3. Sync Docker time: restart Docker Desktop.
---
## Debugging Tools
### 1. Accessing Container Shell
To inspect files or run commands inside a running container:
```bash
docker-compose exec iam-service sh
# or /bin/bash
```
### 2. Inspecting Database (via Prisma Studio)
Use Prisma Studio to view/edit data visually:
```bash
pnpm --filter @goodgo/iam-service prisma studio
# Opens http://localhost:5555
```
### 3. Inspecting Redis
```bash
docker-compose exec redis redis-cli
> PING
PONG
> KEYS *
1) "user:123:session"
```
### 4. Direct API Testing
Use `curl` or Postman.
```bash
# Health Check
curl -v http://localhost/api/v1/auth/health/live
# Login (example)
curl -X POST http://localhost/api/v1/auth/login \
-H "Content-Type: application/json" \
-d '{"email":"admin@example.com", "password":"password"}'
```
---
## FAQ
**Q: Why is my change not reflecting?**
A: If you changed `.env` or `docker-compose.yml`, you must restart:
```bash
docker-compose down && docker-compose up -d
```
If you changed code, hot-reloading (nodemon) should pick it up. If not, restart container.

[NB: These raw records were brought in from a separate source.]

(* Let $m\geq 5$ be a square-free integer with $m\equiv 1\pmod 4$, and let $K=\mathbb{Q}(\sqrt m)$. Then: if $\lfloor\sqrt m\rfloor$ is an even integer greater than $2$, then $U_K=\{1\}\subset\mathcal{F}_K=\{1,\ \tfrac{-3+\lfloor\sqrt m\rfloor+\sqrt m}{2},\ 1+\min T_K\}$ with $\tfrac{-3+\lfloor\sqrt m\rfloor+\sqrt m}{2}=\min T_K$; if $m=5$, then $U_K=\mathcal{F}_K=\{\tfrac{-1+\sqrt5}{2}=2\cos(2\pi/5),\ 1,\ \tfrac{1+\sqrt5}{2}=2\cos(2\pi/10)\}$; if $\lfloor\sqrt m\rfloor$ is odd, then $U_K=\{1\}\subset\mathcal{F}_K=\{1,\ \tfrac{-2+\lfloor\sqrt m\rfloor+\sqrt m}{2},\ 1+\min T_K\}$ with $\tfrac{-2+\lfloor\sqrt m\rfloor+\sqrt m}{2}=\min T_K$.
   Context: For a real number field $K$, $\wp_K$ is the set of Pisot numbers $\theta\in K$ (real algebraic integers $>1$ whose other conjugates have modulus $<1$) with $\mathbb{Q}(\theta)=K$, enumerated $\theta_1<\theta_2<\cdots$; $\mathcal{F}_K:=\{\theta_{n+1}-\theta_n\mid n\in\mathbb{N}\}$. $U_K$ is the set of root of unity trace numbers in $K$, i.e. positive algebraic integers of the form $2\cos(2k\pi/n)$ with $n\geq4$, $1\leq k\leq n-1$, $\gcd(k,n)=1$, lying in $K$. $T_K$ is the set of algebraic integers $\beta\in K$ with $\beta>2$ whose conjugate $\beta'$ (image under the nontrivial embedding of $K$) lies in $(-2,2)$, $\beta'\neq0$. *)

theory Defs
  imports "HOL-Analysis.Analysis" "HOL-Computational_Algebra.Computational_Algebra"
begin

definition QK :: "int \<Rightarrow> real set" where
  "QK m = {of_rat a + of_rat b * sqrt (real_of_int m) | a b. True}"

definition qconj :: "int \<Rightarrow> real \<Rightarrow> real" where
  "qconj m x = (THE y. \<exists>a b. x = of_rat a + of_rat b * sqrt (real_of_int m)
                           \<and> y = of_rat a - of_rat b * sqrt (real_of_int m))"

definition gen_field :: "real \<Rightarrow> real set" where
  "gen_field t = {poly (map_poly of_rat p) t / poly (map_poly of_rat q) t | p q.
                    poly (map_poly of_rat q) t \<noteq> 0}"

definition alg_int :: "'a :: field_char_0 \<Rightarrow> bool" where
  "alg_int x \<longleftrightarrow> (\<exists>p :: int poly. lead_coeff p = 1 \<and> poly (map_poly of_int p) x = 0)"

definition pisot :: "real \<Rightarrow> bool" where
  "pisot t \<longleftrightarrow> alg_int t \<and> t > 1 \<and>
     (\<exists>p :: rat poly. irreducible p \<and> poly (map_poly of_rat p) (complex_of_real t) = 0 \<and>
        (\<forall>z. poly (map_poly of_rat p) z = 0 \<and> z \<noteq> complex_of_real t \<longrightarrow> cmod z < 1))"

definition pisotK :: "int \<Rightarrow> real set" where
  "pisotK m = {t. pisot t \<and> t \<in> QK m \<and> gen_field t = QK m}"

definition pisot_enum :: "int \<Rightarrow> nat \<Rightarrow> real" where
  "pisot_enum m = (THE f. strict_mono f \<and> range f = pisotK m)"

definition FK :: "int \<Rightarrow> real set" where
  "FK m = {pisot_enum m (Suc n) - pisot_enum m n | n. True}"

definition UK :: "int \<Rightarrow> real set" where
  "UK m = {x. x > 0 \<and> alg_int x \<and> x \<in> QK m \<and>
     (\<exists>n k :: nat. n \<ge> 4 \<and> 1 \<le> k \<and> k \<le> n - 1 \<and> coprime k n \<and>
        x = 2 * cos (2 * real k * pi / real n))}"

definition TK :: "int \<Rightarrow> real set" where
  "TK m = {b. b \<in> QK m \<and> alg_int b \<and> b > 2 \<and>
     -2 < qconj m b \<and> qconj m b < 2 \<and> qconj m b \<noteq> 0}"

end

theory Submission
  imports Defs
begin

text \<open>
  The ring of integers of \<open>K = \<rat>(\<surd>m)\<close> is \<open>\<int>[\<omega>]\<close> with \<open>\<omega> = (1 + \<surd>m) / 2\<close>, and the
  conjugate of \<open>x + y\<omega>\<close> is \<open>x - y\<gamma>\<close> with \<open>\<gamma> = (\<surd>m - 1) / 2\<close>. Hence the Pisot numbers
  generating \<open>K\<close> are the \<open>x + y\<omega>\<close> with \<open>y \<ge> 1\<close> and \<open>\<bar>x - y\<gamma>\<bar> < 1\<close>, i.e.
  \<open>x \<in> {\<lfloor>y\<gamma>\<rfloor>, \<lfloor>y\<gamma>\<rfloor> + 1}\<close>. Listed by increasing \<open>y\<close>, consecutive ones differ either
  by \<open>1\<close> or by \<open>\<gamma> + \<lfloor>(y + 1)\<gamma>\<rfloor> - \<lfloor>y\<gamma>\<rfloor>\<close>, and since \<open>\<gamma>\<close> is irrational the floor
  difference takes both values \<open>\<lfloor>\<gamma>\<rfloor>\<close> and \<open>\<lfloor>\<gamma>\<rfloor> + 1\<close>. The same description of the
  integers shows that \<open>\<gamma> + \<lfloor>\<gamma>\<rfloor> = \<lfloor>\<gamma>\<rfloor> - 1 + \<omega>\<close> is the least element of \<open>T\<^sub>K\<close> once
  \<open>\<surd>m > 3\<close>. Finally, if \<open>x = 2 cos (2\<pi>k/n)\<close> lies in \<open>K\<close>, then \<open>D\<^sub>n(x) = 2\<close> for the Dickson
  polynomial \<open>D\<^sub>n(2 cos t) = 2 cos (nt)\<close>; as \<open>D\<^sub>n\<close> has integer coefficients, also
  \<open>D\<^sub>n(x') = 2\<close>, which forces \<open>\<bar>x'\<bar> \<le> 2\<close>. Together with \<open>0 < x < 2\<close> this leaves only \<open>x = 1\<close>,
  and \<open>x \<in> {\<omega> - 1, \<omega>}\<close> when \<open>m = 5\<close>.
\<close>

section \<open>Integral polynomials and algebraic integers\<close>

lemma map_poly_of_rat_add:
  "map_poly (of_rat :: rat \<Rightarrow> 'a::field_char_0) (p + q) = map_poly of_rat p + map_poly of_rat q"
  by (rule poly_eqI) (simp add: coeff_map_poly of_rat_add)

lemma map_poly_of_rat_mult:
  "map_poly (of_rat :: rat \<Rightarrow> 'a::field_char_0) (p * q) = map_poly of_rat p * map_poly of_rat q"
  by (rule poly_eqI) (simp add: coeff_map_poly coeff_mult of_rat_sum of_rat_mult)

lemma map_poly_of_int_mult:
  "map_poly (of_int :: int \<Rightarrow> 'a::comm_ring_1) (p * q) = map_poly of_int p * map_poly of_int q"
  by (rule poly_eqI) (simp add: coeff_map_poly coeff_mult)

lemma map_poly_of_int_eq_iff [simp]:
  "map_poly (of_int :: int \<Rightarrow> 'a::ring_char_0) p = map_poly of_int q \<longleftrightarrow> p = q"
  by (metis coeff_map_poly of_int_0 of_int_eq_iff poly_eqI)

lemma poly_map_poly_of_rat_of_rat:
  "poly (map_poly (of_rat :: rat \<Rightarrow> 'a::field_char_0) p) (of_rat q) = of_rat (poly p q)"
  by (induction p) (simp_all add: map_poly_pCons of_rat_add of_rat_mult)

lemma poly_map_poly_of_rat_of_real:
  "poly (map_poly of_rat p) (of_real x :: 'a::real_field) = of_real (poly (map_poly of_rat p) x)"
proof -
  have "(of_real (of_rat a) :: 'a) = of_rat a" for a
    by (cases a) (simp add: Fract_of_int_quotient of_rat_divide)
  then show ?thesis
    by (induction p) (simp_all add: map_poly_pCons)
qed

lemma alg_int_iff_algebraic_int: "alg_int x \<longleftrightarrow> algebraic_int x"
  unfolding alg_int_def algebraic_int_altdef_ipoly by blast

lemma rat_poly_common_denominator:
  fixes q :: "rat poly"
  obtains d :: int and h where "d > 0" "map_poly of_int h = smult (of_int d) q"
proof (induction q arbitrary: thesis)
  case 0
  show ?case by (rule 0[of 1 0]) simp_all
next
  case (pCons a q)
  obtain d h where dh: "d > 0" "map_poly of_int h = smult (of_int d) q"
    using pCons.IH by blast
  obtain n e where "quotient_of a = (n, e)" by (cases "quotient_of a")
  then have a: "a = of_int n / of_int e" and "e > 0"
    by (auto intro: quotient_of_div quotient_of_denom_pos)
  show ?case
    by (rule pCons.prems[of "d * e" "pCons (n * d) (smult e h)"])
      (use dh \<open>e > 0\<close> in \<open>simp_all add: map_poly_pCons map_poly_smult a mult_ac\<close>)
qed

lemma monic_factor_of_monic_int_poly_integral:
  fixes p :: "int poly" and f g :: "rat poly"
  assumes fg: "map_poly of_int p = f * g" and p: "lead_coeff p = 1" and f: "lead_coeff f = 1"
  shows "coeff f i \<in> \<int>"
proof -
  have g: "lead_coeff g = 1"
    using arg_cong[OF fg, of lead_coeff] p f by (simp add: degree_map_poly coeff_map_poly lead_coeff_mult)
  obtain d f' where d: "d > 0" and f': "map_poly of_int f' = smult (of_int d) f"
    by (rule rat_poly_common_denominator)
  obtain e g' where e: "e > 0" and g': "map_poly of_int g' = smult (of_int e) g"
    by (rule rat_poly_common_denominator)
  have "map_poly of_int (f' * g') = (map_poly of_int (smult (d * e) p) :: rat poly)"
    by (simp add: map_poly_of_int_mult map_poly_smult f' g' fg mult_ac)
  then have "content (f' * g') = content (smult (d * e) p)"
    by simp
  moreover have "content p = 1"
    using content_dvd_coeff[of p "degree p"] p normalize_content[of p]
    by (simp add: normalize_int_def zdvd1_eq)
  ultimately have prod: "content f' * content g' = d * e"
    using d e by (simp add: content_mult normalize_int_def abs_mult)
  have "coeff f' (degree f) = d" and "coeff g' (degree g) = e"
    using arg_cong[OF f', of "\<lambda>u. coeff u (degree f)"] arg_cong[OF g', of "\<lambda>u. coeff u (degree g)"] f g
    by (simp_all add: coeff_map_poly)
  then have "content f' dvd d" and "content g' dvd e"
    by (metis content_dvd_coeff)+
  moreover have "content f' \<ge> 0"
    by (metis abs_ge_zero normalize_content normalize_int_def)
  ultimately have "d * e \<le> content f' * e"
    using prod e by (metis mult_left_mono zdvd_imp_le)
  then have "content f' = d"
    using \<open>content f' dvd d\<close> d e zdvd_imp_le[of "content f'" d] by simp
  then obtain k where "coeff f' i = d * k"
    by (metis content_dvd_coeff dvdE)
  moreover have "of_int (coeff f' i) = of_int d * coeff f i"
    using arg_cong[OF f', of "\<lambda>u. coeff u i"] by (simp add: coeff_map_poly)
  ultimately have "coeff f i = of_int k"
    using d by simp
  then show ?thesis
    by simp
qed

lemma algebraic_int_min_poly_integral:
  fixes x :: "'a::field_char_0" and f :: "rat poly"
  assumes x: "algebraic_int x" and f: "lead_coeff f = 1" "poly (map_poly of_rat f) x = 0"
    and minimal: "\<And>g. degree g < degree f \<Longrightarrow> poly (map_poly of_rat g) x = 0 \<Longrightarrow> g = 0"
  shows "coeff f i \<in> \<int>"
proof -
  obtain p where p: "poly (map_poly of_int p) x = 0" "lead_coeff p = 1"
    using x by (auto simp: algebraic_int_altdef_ipoly)
  define P :: "rat poly" where "P = map_poly of_int p"
  have "f \<noteq> 0"
    using f by auto
  have "poly (map_poly of_rat P) x = 0"
    using p by (simp add: P_def map_poly_map_poly o_def)
  moreover have "poly (map_poly of_rat P) x =
      poly (map_poly of_rat (P div f)) x * poly (map_poly of_rat f) x + poly (map_poly of_rat (P mod f)) x"
    by (subst div_mult_mod_eq[of P f, symmetric]) (simp only: map_poly_of_rat_add map_poly_of_rat_mult poly_add poly_mult)
  ultimately have "poly (map_poly of_rat (P mod f)) x = 0"
    using f(2) by simp
  then have "P mod f = 0"
    using minimal degree_mod_less[OF \<open>f \<noteq> 0\<close>, of P] by blast
  then have "map_poly of_int p = f * (P div f)"
    using div_mult_mod_eq[of P f] by (simp add: P_def mult.commute)
  then show ?thesis
    using p(2) f(1) by (rule monic_factor_of_monic_int_poly_integral)
qed

lemma irreducible_deg2_no_roots:
  fixes f :: "'a::field poly"
  assumes deg: "degree f = 2" and no_root: "\<And>x. poly f x \<noteq> 0"
  shows "irreducible f"
proof (rule irreducibleI)
  show "f \<noteq> 0"
    using deg by auto
  then show "\<not> is_unit f"
    using deg by (simp add: is_unit_iff_degree)
  fix a b assume ab: "f = a * b"
  show "is_unit a \<or> is_unit b"
  proof (rule ccontr)
    assume "\<not> (is_unit a \<or> is_unit b)"
    moreover have "a \<noteq> 0" "b \<noteq> 0"
      using ab deg by auto
    moreover have "degree a + degree b = 2"
      using ab deg \<open>a \<noteq> 0\<close> \<open>b \<noteq> 0\<close> by (simp add: degree_mult_eq)
    ultimately have "degree a = 1"
      by (auto simp: is_unit_iff_degree)
    then have a: "a = [:coeff a 0, coeff a 1:]"
      by (intro poly_eqI) (auto simp: coeff_pCons coeff_eq_0 split: nat.split)
    have "coeff a 1 \<noteq> 0"
      using \<open>a \<noteq> 0\<close> \<open>degree a = 1\<close> by (metis leading_coeff_0_iff)
    then have "poly a (- coeff a 0 / coeff a 1) = 0"
      by (subst a) simp
    then have "poly f (- coeff a 0 / coeff a 1) = 0"
      using ab by simp
    then show False
      using no_root by blast
  qed
qed

lemma gen_field_subset_Rats: "z \<in> \<rat> \<Longrightarrow> gen_field z \<subseteq> \<rat>"
  unfolding gen_field_def by (auto elim!: Rats_cases simp: poly_map_poly_of_rat_of_rat)

lemma squarefree_mult_square_Int:
  fixes q :: rat and m :: int
  assumes "squarefree m" and "of_int m * q\<^sup>2 \<in> \<int>"
  shows "q \<in> \<int>"
proof -
  obtain n d where "quotient_of q = (n, d)"
    by (cases "quotient_of q")
  then have q: "q = of_int n / of_int d" and "d > 0" "coprime n d"
    by (auto intro: quotient_of_div quotient_of_denom_pos quotient_of_coprime)
  obtain k where "of_int m * q\<^sup>2 = of_int k"
    using assms(2) by (auto elim: Ints_cases)
  then have "m * n\<^sup>2 = k * d\<^sup>2"
    using \<open>d > 0\<close> by (simp add: q field_simps flip: of_int_mult of_int_power of_int_eq_iff)
  then have "d\<^sup>2 dvd m * n\<^sup>2"
    by simp
  moreover have "coprime (d\<^sup>2) (n\<^sup>2)"
    using \<open>coprime n d\<close> by (simp add: coprime_commute)
  ultimately have "d\<^sup>2 dvd m"
    by (simp add: coprime_dvd_mult_left_iff)
  then have "d = 1"
    using assms(1) \<open>d > 0\<close> by (auto dest: squarefreeD)
  then show ?thesis
    by (simp add: q)
qed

**Q: How do I reset everything?**
A: Be careful, this deletes all data!
```bash
docker-compose down -v
# -v removes volumes (Redis data, etc.)
```
**Q: My computer is slow when running everything.**
A: Docker consumes RAM.
1. Stop unused services (e.g., `future-service`).
2. Increase Docker resource limits in Docker Desktop settings.